=== What you should do ===
Please print every line of the material below exactly.
====== Given information
section \<open>Equations of \<open>L\<^bsub>Y,a\<^esub>\<close>\<close>

lemma mem_L_Ya_iff:
  "x \<in> L_Ya Y a \<longleftrightarrow>
     (\<exists>y. x = r_map a y \<and> fst y \<in> Y \<and> snd y \<in> annih Y \<and> (\<forall>j. snd y $ j \<noteq> 0))"
proof
  assume "x \<in> L_Ya Y a"
  then obtain y where "x = r_map a y" "y \<in> {x. fst x \<in> Y \<and> snd x \<in> annih Y \<and> (\<forall>j. snd x $ j \<noteq> 0)}"
    unfolding L_Ya_def by (rule imageE)
  thus "\<exists>y. x = r_map a y \<and> fst y \<in> Y \<and> snd y \<in> annih Y \<and> (\<forall>j. snd y $ j \<noteq> 0)" by blast
qed (auto simp: L_Ya_def)

lemma r_map_line_mem_L_Ya:
  fixes Y :: "(complex ^ 'n::finite) set"
  assumes "vec.subspace Y" and "fst y \<in> Y" "snd y \<in> annih Y" "w \<in> Y" "u \<in> annih Y"
    and "\<forall>j. snd y $ j + t * u $ j \<noteq> 0"
  shows "r_map a (fst y + t *s w, snd y + t *s u) \<in> L_Ya Y a"
  unfolding mem_L_Ya_iff
proof (intro exI conjI)
  show "fst (fst y + t *s w, snd y + t *s u) \<in> Y"
    using assms by (simp add: vec.subspace_add vec.subspace_scale)
  show "snd (fst y + t *s w, snd y + t *s u) \<in> annih Y"
    using assms subspace_annih[of Y] by (simp add: vec.subspace_add vec.subspace_scale)
qed (use assms in simp_all)

lemma L_Ya_subset_zero_set:
  "L_Ya Y a \<subseteq> {x \<in> torusU. (\<forall>\<alpha>\<in>Y. F_fun \<alpha> x = 0) \<and> (\<forall>\<beta>\<in>annih Y. G_fun a \<beta> x = 0)}"
proof
  fix x assume "x \<in> L_Ya Y a"
  then obtain y where x: "x = r_map a y" and y: "fst y \<in> Y" "snd y \<in> annih Y" "\<forall>j. snd y $ j \<noteq> 0"
    by (auto simp: mem_L_Ya_iff)
  have sx: "snd x = snd y" and fx: "fst x $ j - a $ j / snd x $ j = fst y $ j" for j
    by (simp_all add: x r_map_def)
  have "F_fun \<alpha> x = 0" if "\<alpha> \<in> Y" for \<alpha>
    using y(2) that by (simp add: sx F_fun_def annih_def mult.commute)
  moreover have "G_fun a \<beta> x = 0" if "\<beta> \<in> annih Y" for \<beta>
    using y(1) that unfolding G_fun_def fx annih_def by blast
  moreover have "x \<in> torusU" using y(3) by (simp add: sx torusU_def)
  ultimately show "x \<in> {x \<in> torusU. (\<forall>\<alpha>\<in>Y. F_fun \<alpha> x = 0) \<and> (\<forall>\<beta>\<in>annih Y. G_fun a \<beta> x = 0)}"
    by blast
qed

lemma zero_set_subset_L_Ya:
  fixes Y :: "(complex ^ 'n::finite) set"
  assumes "vec.subspace Y"
  shows "{x \<in> torusU. (\<forall>\<alpha>\<in>Y. F_fun \<alpha> x = 0) \<and> (\<forall>\<beta>\<in>annih Y. G_fun a \<beta> x = 0)} \<subseteq> L_Ya Y a"
proof
  fix x assume x: "x \<in> {x \<in> torusU. (\<forall>\<alpha>\<in>Y. F_fun \<alpha> x = 0) \<and> (\<forall>\<beta>\<in>annih Y. G_fun a \<beta> x = 0)}"
  define y where "y = ((\<chi> j. fst x $ j - a $ j / snd x $ j), snd x)"
  have nz: "\<forall>j. snd x $ j \<noteq> 0" using x by (simp add: torusU_def)
  have "fst y \<in> annih (annih Y)"
    unfolding annih_def[of "annih Y"]
  proof (intro CollectI ballI)
    fix \<beta> assume "\<beta> \<in> annih Y"
    hence "G_fun a \<beta> x = 0" using x by blast
    thus "(\<Sum>j\<in>UNIV. fst y $ j * \<beta> $ j) = 0" by (simp add: y_def G_fun_def mult.commute)
  qed
  moreover have "snd y \<in> annih Y"
    unfolding annih_def
  proof (intro CollectI ballI)
    fix \<alpha> assume "\<alpha> \<in> Y"
    hence "F_fun \<alpha> x = 0" using x by blast
    thus "(\<Sum>j\<in>UNIV. snd y $ j * \<alpha> $ j) = 0" by (simp add: y_def F_fun_def mult.commute)
  qed
  moreover have "x = r_map a y" using nz by (simp add: r_map_def y_def vec_eq_iff)
  ultimately show "x \<in> L_Ya Y a"
    using nz annih_annih[OF assms] unfolding mem_L_Ya_iff y_def by fastforce
qed

lemma L_Ya_eq_zero_set:
  fixes Y :: "(complex ^ 'n::finite) set"
  assumes "vec.subspace Y"
  shows "L_Ya Y a = {x \<in> torusU. (\<forall>\<alpha>\<in>Y. F_fun \<alpha> x = 0) \<and> (\<forall>\<beta>\<in>annih Y. G_fun a \<beta> x = 0)}"
  using L_Ya_subset_zero_set zero_set_subset_L_Ya[OF assms] by (rule equalityI)

lemma polyfun_sum:
  "finite A \<Longrightarrow> (\<And>i. i \<in> A \<Longrightarrow> f i \<in> polyfun) \<Longrightarrow> (\<lambda>x. \<Sum>i\<in>A. f i x) \<in> polyfun"
  by (induction A rule: finite_induct) (auto intro: polyfun.intros polyfun.const[of 0])

lemma polyfun_prod:
  "finite A \<Longrightarrow> (\<And>i. i \<in> A \<Longrightarrow> f i \<in> polyfun) \<Longrightarrow> (\<lambda>x. \<Prod>i\<in>A. f i x) \<in> polyfun"
  by (induction A rule: finite_induct) (auto intro: polyfun.intros polyfun.const[of 1])

lemma polyfun_scale: "f \<in> polyfun \<Longrightarrow> (\<lambda>x. c * f x) \<in> polyfun"
  using polyfun.mult[OF polyfun.const] by blast

lemma F_fun_polyfun: "F_fun \<alpha> \<in> polyfun"
  unfolding F_fun_def by (auto intro!: polyfun_sum polyfun_scale polyfun.pcoord)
============
=== Task result ===
section \<open>Equations of \<open>L\<^bsub>Y,a\<^esub>\<close>\<close>

lemma mem_L_Ya_iff:
  "x \<in> L_Ya Y a \<longleftrightarrow>
     (\<exists>y. x = r_map a y \<and> fst y \<in> Y \<and> snd y \<in> annih Y \<and> (\<forall>j. snd y $ j \<noteq> 0))"
proof
  assume "x \<in> L_Ya Y a"
  then obtain y where "x = r_map a y" "y \<in> {x. fst x \<in> Y \<and> snd x \<in> annih Y \<and> (\<forall>j. snd x $ j \<noteq> 0)}"
    unfolding L_Ya_def by (rule imageE)
  thus "\<exists>y. x = r_map a y \<and> fst y \<in> Y \<and> snd y \<in> annih Y \<and> (\<forall>j. snd y $ j \<noteq> 0)" by blast
qed (auto simp: L_Ya_def)

lemma r_map_line_mem_L_Ya:
  fixes Y :: "(complex ^ 'n::finite) set"
  assumes "vec.subspace Y" and "fst y \<in> Y" "snd y \<in> annih Y" "w \<in> Y" "u \<in> annih Y"
    and "\<forall>j. snd y $ j + t * u $ j \<noteq> 0"
  shows "r_map a (fst y + t *s w, snd y + t *s u) \<in> L_Ya Y a"
  unfolding mem_L_Ya_iff
proof (intro exI conjI)
  show "fst (fst y + t *s w, snd y + t *s u) \<in> Y"
    using assms by (simp add: vec.subspace_add vec.subspace_scale)
  show "snd (fst y + t *s w, snd y + t *s u) \<in> annih Y"
    using assms subspace_annih[of Y] by (simp add: vec.subspace_add vec.subspace_scale)
qed (use assms in simp_all)

lemma L_Ya_subset_zero_set:
  "L_Ya Y a \<subseteq> {x \<in> torusU. (\<forall>\<alpha>\<in>Y. F_fun \<alpha> x = 0) \<and> (\<forall>\<beta>\<in>annih Y. G_fun a \<beta> x = 0)}"
proof
  fix x assume "x \<in> L_Ya Y a"
  then obtain y where x: "x = r_map a y" and y: "fst y \<in> Y" "snd y \<in> annih Y" "\<forall>j. snd y $ j \<noteq> 0"
    by (auto simp: mem_L_Ya_iff)
  have sx: "snd x = snd y" and fx: "fst x $ j - a $ j / snd x $ j = fst y $ j" for j
    by (simp_all add: x r_map_def)
  have "F_fun \<alpha> x = 0" if "\<alpha> \<in> Y" for \<alpha>
    using y(2) that by (simp add: sx F_fun_def annih_def mult.commute)
  moreover have "G_fun a \<beta> x = 0" if "\<beta> \<in> annih Y" for \<beta>
    using y(1) that unfolding G_fun_def fx annih_def by blast
  moreover have "x \<in> torusU" using y(3) by (simp add: sx torusU_def)
  ultimately show "x \<in> {x \<in> torusU. (\<forall>\<alpha>\<in>Y. F_fun \<alpha> x = 0) \<and> (\<forall>\<beta>\<in>annih Y. G_fun a \<beta> x = 0)}"
    by blast
qed

lemma zero_set_subset_L_Ya:
  fixes Y :: "(complex ^ 'n::finite) set"
  assumes "vec.subspace Y"
  shows "{x \<in> torusU. (\<forall>\<alpha>\<in>Y. F_fun \<alpha> x = 0) \<and> (\<forall>\<beta>\<in>annih Y. G_fun a \<beta> x = 0)} \<subseteq> L_Ya Y a"
proof
  fix x assume x: "x \<in> {x \<in> torusU. (\<forall>\<alpha>\<in>Y. F_fun \<alpha> x = 0) \<and> (\<forall>\<beta>\<in>annih Y. G_fun a \<beta> x = 0)}"
  define y where "y = ((\<chi> j. fst x $ j - a $ j / snd x $ j), snd x)"
  have nz: "\<forall>j. snd x $ j \<noteq> 0" using x by (simp add: torusU_def)
  have "fst y \<in> annih (annih Y)"
    unfolding annih_def[of "annih Y"]
  proof (intro CollectI ballI)
    fix \<beta> assume "\<beta> \<in> annih Y"
    hence "G_fun a \<beta> x = 0" using x by blast
    thus "(\<Sum>j\<in>UNIV. fst y $ j * \<beta> $ j) = 0" by (simp add: y_def G_fun_def mult.commute)
  qed
  moreover have "snd y \<in> annih Y"
    unfolding annih_def
  proof (intro CollectI ballI)
    fix \<alpha> assume "\<alpha> \<in> Y"
    hence "F_fun \<alpha> x = 0" using x by blast
    thus "(\<Sum>j\<in>UNIV. snd y $ j * \<alpha> $ j) = 0" by (simp add: y_def F_fun_def mult.commute)
  qed
  moreover have "x = r_map a y" using nz by (simp add: r_map_def y_def vec_eq_iff)
  ultimately show "x \<in> L_Ya Y a"
    using nz annih_annih[OF assms] unfolding mem_L_Ya_iff y_def by fastforce
qed

lemma L_Ya_eq_zero_set:
  fixes Y :: "(complex ^ 'n::finite) set"
  assumes "vec.subspace Y"
  shows "L_Ya Y a = {x \<in> torusU. (\<forall>\<alpha>\<in>Y. F_fun \<alpha> x = 0) \<and> (\<forall>\<beta>\<in>annih Y. G_fun a \<beta> x = 0)}"
  using L_Ya_subset_zero_set zero_set_subset_L_Ya[OF assms] by (rule equalityI)

lemma polyfun_sum:
  "finite A \<Longrightarrow> (\<And>i. i \<in> A \<Longrightarrow> f i \<in> polyfun) \<Longrightarrow> (\<lambda>x. \<Sum>i\<in>A. f i x) \<in> polyfun"
  by (induction A rule: finite_induct) (auto intro: polyfun.intros polyfun.const[of 0])

lemma polyfun_prod:
  "finite A \<Longrightarrow> (\<And>i. i \<in> A \<Longrightarrow> f i \<in> polyfun) \<Longrightarrow> (\<lambda>x. \<Prod>i\<in>A. f i x) \<in> polyfun"
  by (induction A rule: finite_induct) (auto intro: polyfun.intros polyfun.const[of 1])

lemma polyfun_scale: "f \<in> polyfun \<Longrightarrow> (\<lambda>x. c * f x) \<in> polyfun"
  using polyfun.mult[OF polyfun.const] by blast

lemma F_fun_polyfun: "F_fun \<alpha> \<in> polyfun"
  unfolding F_fun_def by (auto intro!: polyfun_sum polyfun_scale polyfun.pcoord)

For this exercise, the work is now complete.